Materials provided

(* Disjoint case: no composition is needed. Writing s1 = lead s1 + r1 and s2 = lead s2 + r2
   inside the common two-hole context D, the difference is D(r1, s2) - D(s1, r2), a combination of
   S-words below w. *)
lemma disjoint_diff_below:
  assumes c: "valid_ctx ar c1" "valid_ctx ar c2" and s: "s1 \<in> S" "s2 \<in> S"
    and weq: "fill c1 (lead lt s1) = fill c2 (lead lt s2)"
    and d: "disjoint ar (fill c1) (lead lt s1) (fill c2) (lead lt s2)"
  shows "wmap (fill c1) s1 - wmap (fill c2) s2 \<in> span_below (fill c1 (lead lt s1))"
proof -
  define v1 where "v1 = lead lt s1"
  define v2 where "v2 = lead lt s2"
  define K1 where "K1 = Poly_Mapping.keys s1"
  define K2 where "K2 = Poly_Mapping.keys s2"
  define w where "w = fill c1 v1"
  obtain D where D: "\<forall>x. oword ar x \<longrightarrow> is_ctx ar (D x)" "\<forall>y. oword ar y \<longrightarrow> is_ctx ar (\<lambda>x. D x y)"
    "\<forall>x. fill c1 x = D x v2" "\<forall>y. fill c2 y = D v1 y"
    using d unfolding disjoint_def v1_def v2_def by blast
  define t where "t x y = Poly_Mapping.single (D x y) (Poly_Mapping.lookup s1 x * Poly_Mapping.lookup s2 y)" for x y
  have v1K: "v1 \<in> K1" unfolding v1_def K1_def using S_lead_key[OF s(1)] .
  have v2K: "v2 \<in> K2" unfolding v2_def K2_def using S_lead_key[OF s(2)] .
  have fK: "finite K1" "finite K2" unfolding K1_def K2_def by simp_all
  have A: "wmap (fill c1) s1 = (\<Sum>x\<in>K1. t x v2)"
    unfolding wmap_def t_def K1_def using S_lc[OF s(2)] D(3) by (simp add: v2_def)
  have B: "wmap (fill c2) s2 = (\<Sum>y\<in>K2. t v1 y)"
    unfolding wmap_def t_def K2_def using S_lc[OF s(1)] D(4) by (simp add: v1_def)
  define Q where "Q = (\<Sum>x\<in>K1. \<Sum>y\<in>K2. t x y)"
  define T1 where "T1 = (\<Sum>x\<in>K1 - {v1}. \<Sum>y\<in>K2. t x y)"
  define T2 where "T2 = (\<Sum>x\<in>K1. \<Sum>y\<in>K2 - {v2}. t x y)"
  have Q1: "Q = (\<Sum>x\<in>K1. t x v2) + T2"
    unfolding Q_def T2_def by (simp add: sum.remove[OF fK(2) v2K] sum.distrib)
  have Q2: "Q = (\<Sum>y\<in>K2. t v1 y) + T1"
    unfolding Q_def T1_def by (simp add: sum.remove[OF fK(1) v1K])
  have diff: "wmap (fill c1) s1 - wmap (fill c2) s2 = T1 - T2"
    using Q1 Q2 A B by (simp add: algebra_simps)
  have ow1: "oword ar v1" unfolding v1_def using S_lead[OF s(1)] .
  have ow2: "oword ar v2" unfolding v2_def using S_lead[OF s(2)] .
  have T1in: "T1 \<in> span_below w"
    unfolding T1_def
  proof (rule kspan_sum)
    fix x assume x: "x \<in> K1 - {v1}"
    have ox: "oword ar x" using x S_keys_ow[OF s(1)] unfolding K1_def by blast
    have "lt x v1" using x S_keys[OF s(1)] unfolding K1_def v1_def by blast
    then have "lt (D x v2) w" unfolding w_def using ctx_mono[OF c(1) ox ow1] D(3) by metis
    then have g: "wmap (D x) s2 \<in> Swords (\<lambda>k. lt k w)"
      using SwordsI[of "D x" s2 "\<lambda>k. lt k w"] D(1) ox s(2) by (simp add: v2_def)
    have "(\<Sum>y\<in>K2. t x y) = scale (Poly_Mapping.lookup s1 x) (wmap (D x) s2)"
      unfolding t_def wmap_def K2_def by (simp add: scale_sum scale_single)
    then show "(\<Sum>y\<in>K2. t x y) \<in> span_below w" using kspan_sgen[OF g] by simp
  qed
  have T2': "T2 = (\<Sum>y\<in>K2 - {v2}. \<Sum>x\<in>K1. t x y)"
    unfolding T2_def by (rule sum.swap)
  have T2in: "T2 \<in> span_below w"
    unfolding T2'
  proof (rule kspan_sum)
    fix y assume y: "y \<in> K2 - {v2}"
    have oy: "oword ar y" using y S_keys_ow[OF s(2)] unfolding K2_def by blast
    have "lt y v2" using y S_keys[OF s(2)] unfolding K2_def v2_def by blast
    then have "lt (fill c2 y) (fill c2 v2)" using ctx_mono[OF c(2) oy ow2] by blast
    then have "lt (D v1 y) w" unfolding w_def using D(4) weq by (simp add: v1_def v2_def)
    then have g: "wmap (\<lambda>x. D x y) s1 \<in> Swords (\<lambda>k. lt k w)"
      using SwordsI[of "\<lambda>x. D x y" s1 "\<lambda>k. lt k w"] D(2) oy s(1) by (simp add: v1_def)
    have "(\<Sum>x\<in>K1. t x y) = scale (Poly_Mapping.lookup s2 y) (wmap (\<lambda>x. D x y) s1)"
      unfolding t_def wmap_def K1_def by (simp add: scale_sum scale_single mult.commute)
    then show "(\<Sum>x\<in>K1. t x y) \<in> span_below w" using kspan_sgen[OF g] by simp
  qed
  show ?thesis using diff kspan_diff[OF T1in T2in] by (simp add: w_def v1_def)
qed

lemma Sword_diff_below:
  assumes gsb: "GSB ar lt S" and c: "valid_ctx ar c1" "valid_ctx ar c2" and s: "s1 \<in> S" "s2 \<in> S"
    and weq: "fill c1 (lead lt s1) = fill c2 (lead lt s2)"
  shows "wmap (fill c1) s1 - wmap (fill c2) s2 \<in> span_below (fill c1 (lead lt s1))"
proof -
  have R: "related ar (fill c1) (lead lt s1) (fill c2) (lead lt s2)"
    using occurrences_related[OF c S_lead[OF s(1)] S_lead[OF s(2)] weq] .
  have neg: "wmap (fill c1) s1 - wmap (fill c2) s2 \<in> span_below (fill c1 (lead lt s1))"
    if "wmap (fill c2) s2 - wmap (fill c1) s1 \<in> span_below (fill c2 (lead lt s2))"
    using kspan_uminus[OF that] weq by simp
  show ?thesis
    using R unfolding related_def
  proof (elim disjE)
    assume "nested ar (fill c1) (lead lt s1) (fill c2) (lead lt s2)"
    then show ?thesis using nested_diff_below[OF gsb c s] by blast
  next
    assume "nested ar (fill c2) (lead lt s2) (fill c1) (lead lt s1)"
    then show ?thesis using nested_diff_below[OF gsb c(2,1) s(2,1)] neg by blast
  next
    assume "overlap ar (fill c1) (lead lt s1) (fill c2) (lead lt s2)"
    then show ?thesis using overlap_diff_below[OF gsb c s] by blast
  next
    assume "overlap ar (fill c2) (lead lt s2) (fill c1) (lead lt s1)"
    then show ?thesis using overlap_diff_below[OF gsb c(2,1) s(2,1)] neg by blast
  next
    assume "disjoint ar (fill c1) (lead lt s1) (fill c2) (lead lt s2)"
    then show ?thesis using disjoint_diff_below[OF c s weq] by blast
  qed
qed

lemma span_lead_bound:
  assumes f: "f \<in> kspan (Swords P)" and nz: "f \<noteq> 0"
  shows "\<exists>m. P m \<and> oword ar m \<and> f \<in> kspan (Swords (le_word m))"
proof -
  obtain B where B: "B \<subseteq> Swords P" "finite B" "f \<in> kspan B" using kspan_finite[OF f] by blast
  have Bne: "B \<noteq> {}" using B(3) nz kspan_empty by blast
  have ow: "\<forall>k\<in>lead lt ` B. oword ar k"
  proof
    fix k assume "k \<in> lead lt ` B"
    then obtain b where "b \<in> B" "k = lead lt b" by blast
    then show "oword ar k" using Swords_lead_oword B(1) by blast
  qed
  have "finite (lead lt ` B)" "lead lt ` B \<noteq> {}" using B(2) Bne by simp_all
  then obtain m where m: "m \<in> lead lt ` B" "\<forall>v\<in>lead lt ` B. v \<noteq> m \<longrightarrow> lt v m"
    using finite_max_exists[of "lead lt ` B"] ow by blast
  have "B \<subseteq> Swords (le_word m)"
  proof
    fix b assume b: "b \<in> B"
    then have "lead lt b = m \<or> lt (lead lt b) m" using m(2) by blast
    then show "b \<in> Swords (le_word m)" using B(1) b Swords_change[of b P "le_word m"] by blast
  qed
  then have "f \<in> kspan (Swords (le_word m))" using kspan_mono[OF B(3)] by blast
  moreover obtain b0 where "b0 \<in> B" "m = lead lt b0" using m(1) by blast
  then have "P m" using B(1) Swords_lead_prop by blast
  ultimately show ?thesis using m(1) ow by blast
qed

Your assignment
Repeat the data word for word, starting at its first line and stopping after the line that contains "using d unfolding".

Response to this task
(* Disjoint case: no composition is needed. Writing s1 = lead s1 + r1 and s2 = lead s2 + r2
   inside the common two-hole context D, the difference is D(r1, s2) - D(s1, r2), a combination of
   S-words below w. *)
lemma disjoint_diff_below:
  assumes c: "valid_ctx ar c1" "valid_ctx ar c2" and s: "s1 \<in> S" "s2 \<in> S"
    and weq: "fill c1 (lead lt s1) = fill c2 (lead lt s2)"
    and d: "disjoint ar (fill c1) (lead lt s1) (fill c2) (lead lt s2)"
  shows "wmap (fill c1) s1 - wmap (fill c2) s2 \<in> span_below (fill c1 (lead lt s1))"
proof -
  define v1 where "v1 = lead lt s1"
  define v2 where "v2 = lead lt s2"
  define K1 where "K1 = Poly_Mapping.keys s1"
  define K2 where "K2 = Poly_Mapping.keys s2"
  define w where "w = fill c1 v1"
  obtain D where D: "\<forall>x. oword ar x \<longrightarrow> is_ctx ar (D x)" "\<forall>y. oword ar y \<longrightarrow> is_ctx ar (\<lambda>x. D x y)"
    "\<forall>x. fill c1 x = D x v2" "\<forall>y. fill c2 y = D v1 y"
    using d unfolding disjoint_def v1_def v2_def by blast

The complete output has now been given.